Google Groups no longer supports new Usenet posts or subscriptions. Historical content remains viewable.
Dismiss

Bytecode portability and word/int sizes

6 views
Skip to first unread message

Melvin Smith

unread,
Nov 22, 2003, 12:50:49 PM11/22/03
to Leopold Toetsch, dan Sugalski, perl6-i...@perl.org
At 12:13 PM 11/22/2003 +0000, you wrote:
> * write intval size into PBC header

Leo, I know this is a first cut at freeze/thaw, and I'm happy you've
done it. Let me make some comments to you and Dan.

I'm pretty sure Dan and I discussed this when I was reworking bytecode
to be portable last year, but I think at the time we decided there were other
things (like freezing PMCs) that needed to be done.
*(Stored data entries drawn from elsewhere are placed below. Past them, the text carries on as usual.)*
(* Let $k\ge 2$. Every $k$-tree $G$ satisfies $\vec{\chi}(G)\le k$.
   Context: Digraphs have no loops and no parallel arcs, but may contain digons. $\vec{\chi}(G)$ is the dichromatic number (minimum number of colours in a colouring of $V(G)$ with no monochromatic directed cycle). $\Delta_{max}(G)=\max_v\max(d^+(v),d^-(v))$. $\mathcal B_1$ is the set of directed cycles (including digons), $\mathcal B_2$ the set of symmetric cycles of odd length (each edge of an odd undirected cycle replaced by a digon), and for $j\ge 3$, $\mathcal B_j=\{\overleftrightarrow K_{j+1}\}$ (symmetric complete graph on $j+1$ vertices). A digraph $G$ is a direct composition of $G_1,G_2$ on $v_1\in V(G_1)$, $v_2\in V(G_2)$ if obtained from their disjoint union by adding exactly one arc between $v_1$ and $v_2$. $G$ is a cyclic composition of $G_1,\dots,G_\ell$ ($\ell\ge2$) on $v_i\in V(G_i)$ if obtained from their disjoint union by adding arcs $v_iv_{i+1}$ ($1\le i\le \ell-1$) and $v_\ell v_1$. A $k$-tree is a digraph $G$ with $\Delta_{max}(G)\le k$ that can be built by: every member of $\mathcal B_{k-1}$ is a $k$-tree; a direct or cyclic composition of $k$-trees is a $k$-tree. *)

theory Defs
  imports Main
begin

text \<open>A digraph is a pair (V, A) of a vertex set and an arc set.
  Well-formed digraphs: finite, arcs between vertices, no loops
  (parallel arcs are impossible since A is a set; digons are allowed).\<close>

type_synonym 'a digraph = "'a set \<times> ('a \<times> 'a) set"

definition verts :: "'a digraph \<Rightarrow> 'a set" where "verts G = fst G"
definition arcs :: "'a digraph \<Rightarrow> ('a \<times> 'a) set" where "arcs G = snd G"

definition wf_digraph :: "'a digraph \<Rightarrow> bool" where
  "wf_digraph G \<longleftrightarrow> finite (verts G) \<and> arcs G \<subseteq> verts G \<times> verts G
      \<and> (\<forall>v. (v, v) \<notin> arcs G)"

definition outdeg :: "'a digraph \<Rightarrow> 'a \<Rightarrow> nat" where
  "outdeg G v = card {w. (v, w) \<in> arcs G}"

definition indeg :: "'a digraph \<Rightarrow> 'a \<Rightarrow> nat" where
  "indeg G v = card {u. (u, v) \<in> arcs G}"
Now that it is in, its
time to re-light this discussion until we get a document out of it. :)


A) I didn't look at your commit to see the reason for storing the INTVAL size
into the bytecode header, so I won't question it yet, but since p6i has argued
this for a couple of years, I want to restate some things.

Parrot currently assumes INTVAL size == OPCODE size because
both get configured as the same integral type, although you can choose
to override it, it is not supported to choose INTVAL > OPCODE, though
the inverse is. So storing it in the header is probably redundant, unless
we change the rules.

While we may have platforms that have void */size_t > than INT,
we should not have any where void */size_t < INT.

An int should always pack into 1 opcode_t, if it doesn't we have configured
wrong for INTVAL (someone chose a 64-bit type on a 32-bit platform),
and the fact that by configure, it is even possible, says we have the
typedef hierarchy wrong. I still feel that Parrot_Int should be dependant
on Parrot_Opcode.


B) For bytecodes to be portable we have to have some rules about
standard sizes. Yes, we can unpack a 64-bit bytecode on a 32-bit
CPU, but INTVAL constants (non-PMC) get truncated.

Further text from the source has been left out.